Machine Learning
Linear Classification
Multiclass Classification

Multiclass Classification

Binary classification strictly targets predictions between 00 and 11. When a dataset branches symmetrically into KK distinct classes (where K>2K > 2), the mathematical constraints must dynamically adapt and expand. This architecture is formally known as Multiclass Classification.

Visualizing Multiclass (One-vs-All)

The notes graphically depict an intuitive One-Vs-All (or One-Vs-Rest) classification approach visually represented via a scatter plot consisting of three unique target class shapes: Triangles (Δ\Delta), Circles (oo), and Crosses (xx).

Instead of drawing a single separating line simultaneously accommodating everything, the algorithm learns structurally to isolate one specific class at a time. For instance, it formulates a unified geometric bounding threshold that specifically subgroups all the Triangles locally (assigning them into Class 11), while mathematically treating both the Circles and Crosses identically as an aggregated collective block (Class 00).

One-Hot Encoding Target Variables

To handle these independent dimensions algebraically without inferring arbitrary numeric magnitudes between classes, the scalar target label logically transitions into a matrix mapping formulation One-hot encoding. Instead of assigning a naive y=2y=2, the classification belonging uniquely to class 2 out of 3 is represented smoothly via an isolated column vector logically mapping 11:

[010]\begin{bmatrix} 0 \\ 1 \\ 0 \end{bmatrix}

In an expanded dataset spanning model parameters θ0,θ1θn\theta_0, \theta_1 \dots \theta_n aligned alongside features x1xnx_1 \dots x_n, each dimension uniquely acquires internal parameterized numeric boundaries.


The Softmax Function

To gracefully abstract the structural Sigmoid function boundary formula to accommodate flexible multi-class dimensions uniformly, we utilize the mathematically profound Softmax function. Softmax inherently compresses any vector sequence proportionally into a tightly normalized probabilistic density sum bounded perfectly to equal precisely 1.01.0.

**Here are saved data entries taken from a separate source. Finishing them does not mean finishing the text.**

lemma ball_words_iff:
  assumes "subshift A \<Omega>"
  shows "(\<forall>x\<in>words \<Omega>. P (length x) (F \<Omega> E x)) \<longleftrightarrow> (\<forall>n. \<forall>\<omega>\<in>\<Omega>. P n (log_norm E n \<omega>))"
proof
  assume "\<forall>x\<in>words \<Omega>. P (length x) (F \<Omega> E x)"
  then show "\<forall>n. \<forall>\<omega>\<in>\<Omega>. P n (log_norm E n \<omega>)"
    using initial_word_mem_words F_eq_log_norm has_prefix_initial_word
    by (metis length_initial_word)
next
  assume P: "\<forall>n. \<forall>\<omega>\<in>\<Omega>. P n (log_norm E n \<omega>)"
  show "\<forall>x\<in>words \<Omega>. P (length x) (F \<Omega> E x)"
  proof
    fix x assume "x \<in> words \<Omega>"
    then obtain \<omega> i where "\<omega> \<in> \<Omega>" "has_prefix (shiftn i \<omega>) x"
      by (rule words_has_prefix_shiftn)
    moreover have "shiftn i \<omega> \<in> \<Omega>"
      using assms \<open>\<omega> \<in> \<Omega>\<close> by (rule subshift_shiftn_mem)
    ultimately show "P (length x) (F \<Omega> E x)"
      using P by (simp add: F_eq_log_norm)
  qed
qed

section \<open>Growth rates\<close>

lemma growth_rate_eq_if_bounded_shift:
  fixes u v :: "nat \<Rightarrow> real"
  assumes u: "(\<lambda>n. u n / n) \<longlonglongrightarrow> a" and v: "(\<lambda>n. v n / n) \<longlonglongrightarrow> b"
    and bounded: "\<And>n. \<bar>u (Suc n) - v n\<bar> \<le> C"
  shows "a = b"
proof -
  have "(\<lambda>n. (u (Suc n) - v n) / Suc n) \<longlonglongrightarrow> 0"
  proof (rule Lim_null_comparison)
    show "\<forall>\<^sub>F n in sequentially. norm ((u (Suc n) - v n) / Suc n) \<le> C / Suc n"
      using bounded by (auto simp: divide_right_mono abs_divide)
    show "(\<lambda>n. C / Suc n) \<longlonglongrightarrow> 0"
      using LIMSEQ_Suc[OF lim_const_over_n[of C]] by simp
  qed
  moreover have "(\<lambda>n. v n / n * (n / Suc n)) \<longlonglongrightarrow> b * 1"
    by (intro tendsto_mult v LIMSEQ_n_over_Suc_n)
  ultimately have "(\<lambda>n. (u (Suc n) - v n) / Suc n + v n / n * (n / Suc n)) \<longlonglongrightarrow> 0 + b * 1"
    by (rule tendsto_add)
  moreover have "\<forall>\<^sub>F n in sequentially.
      (u (Suc n) - v n) / Suc n + v n / n * (n / Suc n) = u (Suc n) / Suc n"
    using eventually_gt_at_top[of 0] by eventually_elim (simp add: diff_divide_distrib)
  ultimately have "(\<lambda>n. u (Suc n) / Suc n) \<longlonglongrightarrow> b"
    using Lim_transform_eventually by fastforce
  moreover have "(\<lambda>n. u (Suc n) / Suc n) \<longlonglongrightarrow> a"
    using LIMSEQ_Suc[OF u] by simp
  ultimately show ?thesis
    using LIMSEQ_unique by blast
qed

lemma ln_opnorm_cocycle_near_log_norm:
  assumes "subshift A \<Omega>" and "\<omega> \<in> \<Omega>"
  shows "\<exists>\<nu>\<in>\<Omega>. \<bar>ln (opnorm (cocycle E n \<omega>)) - log_norm E (nat \<bar>n\<bar>) \<nu>\<bar> \<le> ln 4"
proof (cases "n \<ge> 0")
  case True
  then have "ln (opnorm (cocycle E n \<omega>)) = log_norm E (nat \<bar>n\<bar>) \<omega>"
    by (simp add: cocycle_def log_norm_def)
  with assms(2) show ?thesis by force
next
  case False
  define m where "m = nat (- n)"
  have "n = - int m" and "nat \<bar>n\<bar> = m"
    using False by (simp_all add: m_def)
  then show ?thesis
    using ln_opnorm_cocycle_neg_bound[of E m \<omega>] subshift_shiftn_mem[OF assms, of "- int m"] by auto
qed

lemma word_limit_exists_iff_uniform_limit:
  assumes "subshift A \<Omega>"
  shows "word_limit_exists \<Omega> E \<longleftrightarrow>
    (\<exists>c. uniform_limit \<Omega> (\<lambda>n \<omega>. log_norm E n \<omega> / n) (\<lambda>_. c) sequentially)"
proof -
  have "(\<forall>x\<in>words \<Omega>. N \<le> length x \<longrightarrow> \<bar>F \<Omega> E x / length x - c\<bar> < \<epsilon>)
      \<longleftrightarrow> (\<forall>n\<ge>N. \<forall>\<omega>\<in>\<Omega>. \<bar>log_norm E n \<omega> / n - c\<bar> < \<epsilon>)" for N c \<epsilon>
    using ball_words_iff[OF assms, of "\<lambda>n y. N \<le> n \<longrightarrow> \<bar>y / n - c\<bar> < \<epsilon>"] by auto
  then show ?thesis
    unfolding word_limit_exists_def uniform_limit_sequentially_iff dist_real_def by simp
qed
(* Let $\{X_k(m): m\in\mathbb{R}_+,\ k\in\mathbb{N}\}$ be a family of integrable real random variables that are independent in $k$. Assume: (C) $\mathbb{E}[X_k(m)]=0$ for all $m,k$; (S1) there is $\delta>0$ such that for every $\varepsilon>0$ there is $C=C(\varepsilon)$ with $\sup_k\mathbb{P}(|X_k(m)|>\varepsilon)<C/m^{\delta}$ for all $m$; (S2) there are a random variable $X_*$ and $\gamma>0$ with $\mathbb{E}[|X_*|^{2+\gamma}]<\infty$ and $\sup_{k,m}\mathbb{P}(X_k(m)>x)\le\mathbb{P}(X_*>x)$ for all $x\in\mathbb{R}$; (S3) for every $\varepsilon>0$ there are $\beta>1$ and $C_\varepsilon>0$ such that for all $t,r,m>0$, $\sup_k\mathbb{P}\big(\sup_{s\le m}|(r+s)X_k(r+s)-rX_k(r)|\ge t\varepsilon\big)\le C_\varepsilon m^\beta/t^\beta$. Let $(m_k)_{k\in\mathbb N}$ be any sequence of positive reals with $\sum_k m_k=\infty$, let $M_0=0$, $M_n=\sum_{k=1}^n m_k$, and for $t>0$ let $\ell_t=\inf\{\ell\in\mathbb N: M_\ell\ge t\}$, $\bar t=t-M_{\ell_t-1}$, and $\mathcal S_t=\sum_{k=1}^{\ell_t-1}\frac{m_k}{t}X_k(m_k)+\frac{\bar t}{t}X_{\ell_t}(\bar t)$. Then $\mathbb{P}(\lim_{t\to\infty}\mathcal S_t=0)=1$.
   Context: $\mathbb{R}_+$ denotes the positive reals. "Independent in $k$" means that the families $\{X_k(m): m\in\mathbb{R}_+\}$ for different $k$ are independent. *)

theory Defs
  imports "HOL-Probability.Probability"
begin

definition Mpart :: "(nat \<Rightarrow> real) \<Rightarrow> nat \<Rightarrow> real" where
  "Mpart ms n = (\<Sum>k=1..n. ms k)"

definition ell :: "(nat \<Rightarrow> real) \<Rightarrow> real \<Rightarrow> nat" where
  "ell ms t = (LEAST l. Mpart ms l \<ge> t)"

definition tbar :: "(nat \<Rightarrow> real) \<Rightarrow> real \<Rightarrow> real" where
  "tbar ms t = t - Mpart ms (ell ms t - 1)"

definition St :: "(nat \<Rightarrow> real \<Rightarrow> 'a \<Rightarrow> real) \<Rightarrow> (nat \<Rightarrow> real) \<Rightarrow> real \<Rightarrow> 'a \<Rightarrow> real" where
  "St X ms t \<omega> = (\<Sum>k=1..ell ms t - 1. ms k / t * X k (ms k) \<omega>)
      + tbar ms t / t * X (ell ms t) (tbar ms t) \<omega>"

end

theory Submission
  imports Defs
begin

The integrated hypothesis fundamentally computes the explicit probability that input variable xx matches exactly to the specific class index ii: h(i)(x)=eθiTxk=1KeθkTxh^{(i)}(x) = \frac{e^{\theta_i^T x}}{\sum_{k=1}^K e^{\theta_k^T x}}

Categorical Cross-Entropy Loss

Since parameters optimize multi-laterally across KK dimensional categories simultaneously, Binary cross-entropy definitions gracefully generalize natively into continuous Categorical Cross-Entropy tracking.

Evaluating mathematically a unified ground truth labeled state index variable vector yy mapped parallel to predicted outputs structurally evaluated as y^=h(x)\hat{y} = h(x), the aggregate algorithmic loss derives identically through the equation series: Loss=k=1Kyklogy^k\text{Loss} = - \sum_{k=1}^K y_k \log \hat{y}_k

Minimizing structurally this combined penalty loss empirically pressures iterative neural algorithmic descents intuitively towards maximally scoring likelihood solely at intersecting identical correct logical matching index dimensions accurately.